Free Republic
Browse · Search
Religion
Topics · Post Article

Skip to comments.

Traditionalists deserve respect, cardinal says
Catholic World News ^ | May 31, 2004

Posted on 05/31/2004 8:36:56 PM PDT by Canticle_of_Deborah

click here to read article


Navigation: use the links below to view more comments.
first previous 1-20 ... 41-6061-8081-100 ... 141 next last
To: Maximilian

And Mr. Protestant reading this post is thinking. "My, what a great, wonderful and truthful religion. I think I want to be Catholic."

NOT.

Now, I would think that most of us that post here on these topics know about the numerical destruction in the Church since Vatican II. Why this happened and to what degree Vatican II, Humanae Vitae, the '60s culture, etc., influenced this is a matter of debate. However, the question to ask is what are we going to do with this information? To restore the TLM to all priests without exception and to all the altars of the world is a joint plan that both the SSPX and other traditional Catholics can agree upon. So why is it when Cardinal Hoyos, who has been given full responsibility and authority to reconcile SSPX by Pope JPII, issues a positive document in that direction, why do the SSPX adherents find nothing but fault with it? That is the key question. I know about the modernists and the modernism. I know about the destruction of nearly every single measurable area of the Church's life. We know all of that. The SSPX "brainwashing" comment is because much depends upon which SSPX priest or bishop one relies upon for his information as to what the true SSPX position on things is. They seem to be inventing their own doctrines and discipline. i.e. "Do not attend an indult chapel." "The New Mass is "evil". etc. etc.


61 posted on 06/02/2004 11:34:12 AM PDT by Mershon
[ Post Reply | Private Reply | To 59 | View Replies]

To: ultima ratio

"There is no need to obey apostates."

Which bishops have publicly denied the Catholic Faith? If you can name names, then that would help us. Also, if you could cite quotations to show this ultimate denial of Faith (as compared to heresy and schism), we would all be most grateful. Please provide the names and the documented information. Funny thing though. We don't have to adhere to ALL the bishops, only to our local ordinary and Pope John Paul II in matters of faith and morals and when they ORDER us to do something with their full authority.

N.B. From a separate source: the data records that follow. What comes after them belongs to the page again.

theorem proposition2p4:
  fixes u :: "nat \<Rightarrow> complex mat"
  assumes "\<forall>n\<ge>1. u n \<in> V n"
  shows "virtual_rotation u \<longleftrightarrow> virtual_isometry u"
proof -
  have V: "u n \<in> V n" if "1 \<le> n" for n
    using assms that by blast
  have pi_cond_iff: "pi_cond n m (u n) (u m) \<longleftrightarrow> u m = pi_tilde n m (u n)" if "1 \<le> m" "m \<le> n" for n m
    using pi_cond_iff_pi_tilde[OF V _ V_carrier[OF V[OF \<open>1 \<le> m\<close>]]] that by simp
  have proj_iff: "pi_proj (Suc n) n (u (Suc n)) = u n \<longleftrightarrow> pi_cond (Suc n) n (u (Suc n)) (u n)"
    if "1 \<le> n" for n
    using pi_proj_eq_pi_tilde[OF V[of "Suc n"]] pi_cond_iff[of n "Suc n"] that by auto
  have U: "u n \<in> U n" if "1 \<le> n" for n
    using V[OF that] unfolding V_def by simp
  have "virtual_rotation u \<longleftrightarrow> (\<forall>n m. 1 \<le> m \<longrightarrow> m \<le> n \<longrightarrow> pi_cond n m (u n) (u m))"
    using assms by (simp add: virtual_rotation_def pi_cond_iff)
  also have "\<dots> \<longleftrightarrow> (\<forall>n\<ge>1. pi_cond (Suc n) n (u (Suc n)) (u n))"
    by (rule pi_cond_all_iff_consecutive[OF V_carrier[OF V]])
  also have "\<dots> \<longleftrightarrow> virtual_isometry u"
    unfolding virtual_isometry_def using U proj_iff by simp
  finally show ?thesis .
qed

end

Who are the apostates? Please provide documented citations.


62 posted on 06/02/2004 11:37:00 AM PDT by Mershon
[ Post Reply | Private Reply | To 60 | View Replies]

To: Mershon

The apostasy is covert, never overt. Do you think the bishops don't know that open opposition to the dogma of the Real Presence, for instance, would blow their cover? So they make excuses for changes in rubrics which undermine that doctrine--such as claiming that the elimination of kneeling for Communion is for "better traffic control".

Rome had cited the danger of such a change--then conceded the policy--as usual. These changes are very gradual and elicit meagre protests--but are eventually accepted. The overarching aim has been to make Protestants out of Catholics by eliminating those features of Catholicism which distinguish us. Chief among these has been the dogma of the Real Presence--hence, Communion in the hands, the disappearance of tabernacles from sanctuaries, the elimination of genuflections, the elimination of kneeling for Communion, etc. But it is all headed in the same direction--towards diminishment of belief in the name of ecumenical unity.

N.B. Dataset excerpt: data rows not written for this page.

definition fire :: "'p set \<Rightarrow> ('p \<Rightarrow> 't \<Rightarrow> nat) \<Rightarrow> ('t \<Rightarrow> 'p \<Rightarrow> nat) \<Rightarrow> ('p \<Rightarrow> nat) \<Rightarrow> 't \<Rightarrow> ('p \<Rightarrow> nat)" where
  "fire P Wpre Wpost M t = (\<lambda>p. if p \<in> P then M p - Wpre p t + Wpost t p else M p)"

fun fire_seq :: "'p set \<Rightarrow> 't set \<Rightarrow> ('p \<Rightarrow> 't \<Rightarrow> nat) \<Rightarrow> ('t \<Rightarrow> 'p \<Rightarrow> nat)
    \<Rightarrow> ('p \<Rightarrow> nat) \<Rightarrow> 't list \<Rightarrow> ('p \<Rightarrow> nat) option" where
  "fire_seq P T Wpre Wpost M [] = Some M"
| "fire_seq P T Wpre Wpost M (t # \<sigma>) =
     (if t \<in> T \<and> enabled P Wpre M t
      then fire_seq P T Wpre Wpost (fire P Wpre Wpost M t) \<sigma> else None)"

definition reachable :: "'p set \<Rightarrow> 't set \<Rightarrow> ('p \<Rightarrow> 't \<Rightarrow> nat) \<Rightarrow> ('t \<Rightarrow> 'p \<Rightarrow> nat)
    \<Rightarrow> ('p \<Rightarrow> nat) \<Rightarrow> ('p \<Rightarrow> nat) \<Rightarrow> bool" where
  "reachable P T Wpre Wpost M M' \<longleftrightarrow> (\<exists>\<sigma>. fire_seq P T Wpre Wpost M \<sigma> = Some M')"

definition live :: "'p set \<Rightarrow> 't set \<Rightarrow> ('p \<Rightarrow> 't \<Rightarrow> nat) \<Rightarrow> ('t \<Rightarrow> 'p \<Rightarrow> nat)
    \<Rightarrow> ('p \<Rightarrow> nat) \<Rightarrow> bool" where
  "live P T Wpre Wpost M0 \<longleftrightarrow>
     (\<forall>t\<in>T. \<forall>M'. reachable P T Wpre Wpost M0 M' \<longrightarrow>
        (\<exists>M''. reachable P T Wpre Wpost M' M'' \<and> enabled P Wpre M'' t))"

definition reversible :: "'p set \<Rightarrow> 't set \<Rightarrow> ('p \<Rightarrow> 't \<Rightarrow> nat) \<Rightarrow> ('t \<Rightarrow> 'p \<Rightarrow> nat)
    \<Rightarrow> ('p \<Rightarrow> nat) \<Rightarrow> bool" where
  "reversible P T Wpre Wpost M0 \<longleftrightarrow>
     (\<forall>M'. reachable P T Wpre Wpost M0 M' \<longrightarrow> reachable P T Wpre Wpost M' M0)"

definition output_transitions :: "'t set \<Rightarrow> ('p \<Rightarrow> 't \<Rightarrow> nat) \<Rightarrow> 'p \<Rightarrow> 't set" where
  "output_transitions T Wpre p = {t \<in> T. Wpre p t > 0}"

definition shared_place :: "'t set \<Rightarrow> ('p \<Rightarrow> 't \<Rightarrow> nat) \<Rightarrow> 'p \<Rightarrow> bool" where
  "shared_place T Wpre p \<longleftrightarrow> card (output_transitions T Wpre p) \<ge> 2"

Recently Zogby polled Catholics and discovered that two-thirds no longer believed in the Real Presence nor in the Resurrection. This confirms the Gallup poll of 1992 which published the same findings among American Catholics. Seventy-five per cent of all Catholics are now indistinguishable doctrinally from Protestants.


63 posted on 06/02/2004 12:17:03 PM PDT by ultima ratio
[ Post Reply | Private Reply | To 62 | View Replies]

To: gbcdoj

"No culpability even after having been warned by the Apostolic See that the act was schismatic?"

Yes--because the Apostolic See--the Vatican modernists--were wrong. It is not schismatic to resist being complicit in doing harm to the Church.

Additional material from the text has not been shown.